I also dedicate this book to the wonderful women in my life, Aracelis, Catherine, Jennifer, Sarah, and Thais (in alphabetical order). Their love and support has been integral to my successes. I love you.
Preface
There are few if any books that deal with waking proper. There are a number of books that describe the control of sleep and the mechanisms behind our sleeping hours. Considering that we spend one-third of our lives asleep, this is an important and essential endeavor. In addition, a number of thorough texts on the etiology and manifestation of a number of sleep disorders are available. These books and others on sleep medicine provide the latest on diagnosis and treatment of many of these debilitating conditions. However, we spend two-thirds of our lives awake, and it is during these hours that we accomplish such things as writing books. It is during waking that we perform great feats and create wonderful things. A number of texts describe attention, selective attention, higher cognitive abilities, and learning and memory, but almost none deals with the concept of being awake and what it takes to stay awake.
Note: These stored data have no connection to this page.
(* Let $n\in\mathbb N$ and let $S$ be a well ordered subsemigroup of the nonnegative part $\{x\in\mathbb R^n\mid x\ge0\}$ of $\mathbb R^n$ with the lexicographic order. Suppose that $S$ has ordinal type $\le\omega^h$ for some $h\in\mathbb N$. Then $S$ has no accumulation point in $\mathbb R^n$ for the Euclidean topology.
   Context: $\omega$ denotes the ordinal type of $\mathbb N$. The lexicographic order on $\mathbb R^n$ compares first coordinates first. *)

theory Defs
  imports "HOL-Analysis.Analysis"
begin

text \<open>Lexicographic order on R^n, modelled as real ^ 'n where the index type 'n
  is finite and linearly ordered (its order gives the coordinate order:
  smaller indices are compared first).\<close>

definition lex_less :: "real ^ 'n::{finite,linorder} \<Rightarrow> real ^ 'n::{finite,linorder} \<Rightarrow> bool" where
  "lex_less x y \<longleftrightarrow> (\<exists>i. x $ i < y $ i \<and> (\<forall>j<i. x $ j = y $ j))"

definition lex_le :: "real ^ 'n::{finite,linorder} \<Rightarrow> real ^ 'n::{finite,linorder} \<Rightarrow> bool" where
  "lex_le x y \<longleftrightarrow> x = y \<or> lex_less x y"

definition lex_rel :: "(real ^ 'n::{finite,linorder}) set \<Rightarrow> ((real ^ 'n::{finite,linorder}) \<times> (real ^ 'n::{finite,linorder})) set" where
  "lex_rel S = {(x, y). x \<in> S \<and> y \<in> S \<and> lex_le x y}"

text \<open>A canonical well order of ordinal type omega^h: N^h (lists of length h)
  with the lexicographic order (first coordinate most significant).\<close>
definition omega_pow :: "nat \<Rightarrow> (nat list \<times> nat list) set" where
  "omega_pow h = {(xs, ys). length xs = h \<and> length ys = h \<and>
      (xs = ys \<or> (\<exists>i<h. xs ! i < ys ! i \<and> (\<forall>j<i. xs ! j = ys ! j)))}"

end

theory Submission
  imports Defs
begin

text \<open>
  Proof idea.  Suppose \<open>a\<close> is an accumulation point of \<open>S\<close>.

  Order side: a strictly monotone map \<open>f\<close> from \<open>S\<close> into \<open>\<nat>\<^sup>h\<close> (lexicographically
  ordered, i.e. \<open>\<omega>\<^sup>h\<close>) rules out points of "limit depth" \<open>h + 1\<close>, where depth 0
  means membership in \<open>S\<close> and depth \<open>m + 1\<close> means being the supremum of a cofinal
  sequence of points of depth \<open>m\<close>.  Between two such points the first coordinates
  of \<open>f\<close> must stabilise, one coordinate per level of depth.

  Geometric side: since \<open>S\<close> is well ordered, \<open>a\<close> is approached by a sequence
  \<open>s\<^sub>k \<in> S\<close> from below in the lexicographic order truncated at some coordinate
  \<open>p\<close>; nonnegativity makes \<open>a\<close> positive in that truncated order.  Using that \<open>S\<close>
  is closed under addition, the least element of \<open>S\<close> not below \<open>c + m a\<close> (truncated
  at \<open>p\<close>) has depth \<open>m\<close> for every \<open>c \<in> S\<close>; with \<open>m = h + 1\<close> this contradicts the
  order side.
\<close>

section \<open>The lexicographic order on \<open>\<real>\<^sup>n\<close>\<close>

lemma lex_less_irrefl: "\<not> lex_less x x"
  by (auto simp: lex_less_def)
This gap in knowledge is not surprising since it has only been in the last 57 years that some of the most critical information on the mechanisms behind waking has been revealed. This information forms the core of this book. When we awaken, blood flow to the thalamus and the brain stem increases over the first 15 minutes. It is only later that there are increases in blood flow to the frontal cortex. Yet, we wake up as ourselves; it does not take 1520 min to figure out who we are. We are immediately ourselves when we awaken. This suggests that subcortical regions have much to do with our sense of self. In addition, our highest functions are thought to be mediated by fast cortical oscillations, the 40 Hz rhythm, or gamma band oscillations. Yet gamma band activity has been discovered not only in the cortex but also in the hippocampus, cerebellum, basal ganglia, and, now, the reticular activating system (RAS). Not only that, but these are not independent oscillations, they are coherent depending on the task at hand. That is, the activity in cortical and subcortical regions is in synchrony. Under some conditions, gamma activity in subcortical areas even precedes cortical gamma activity.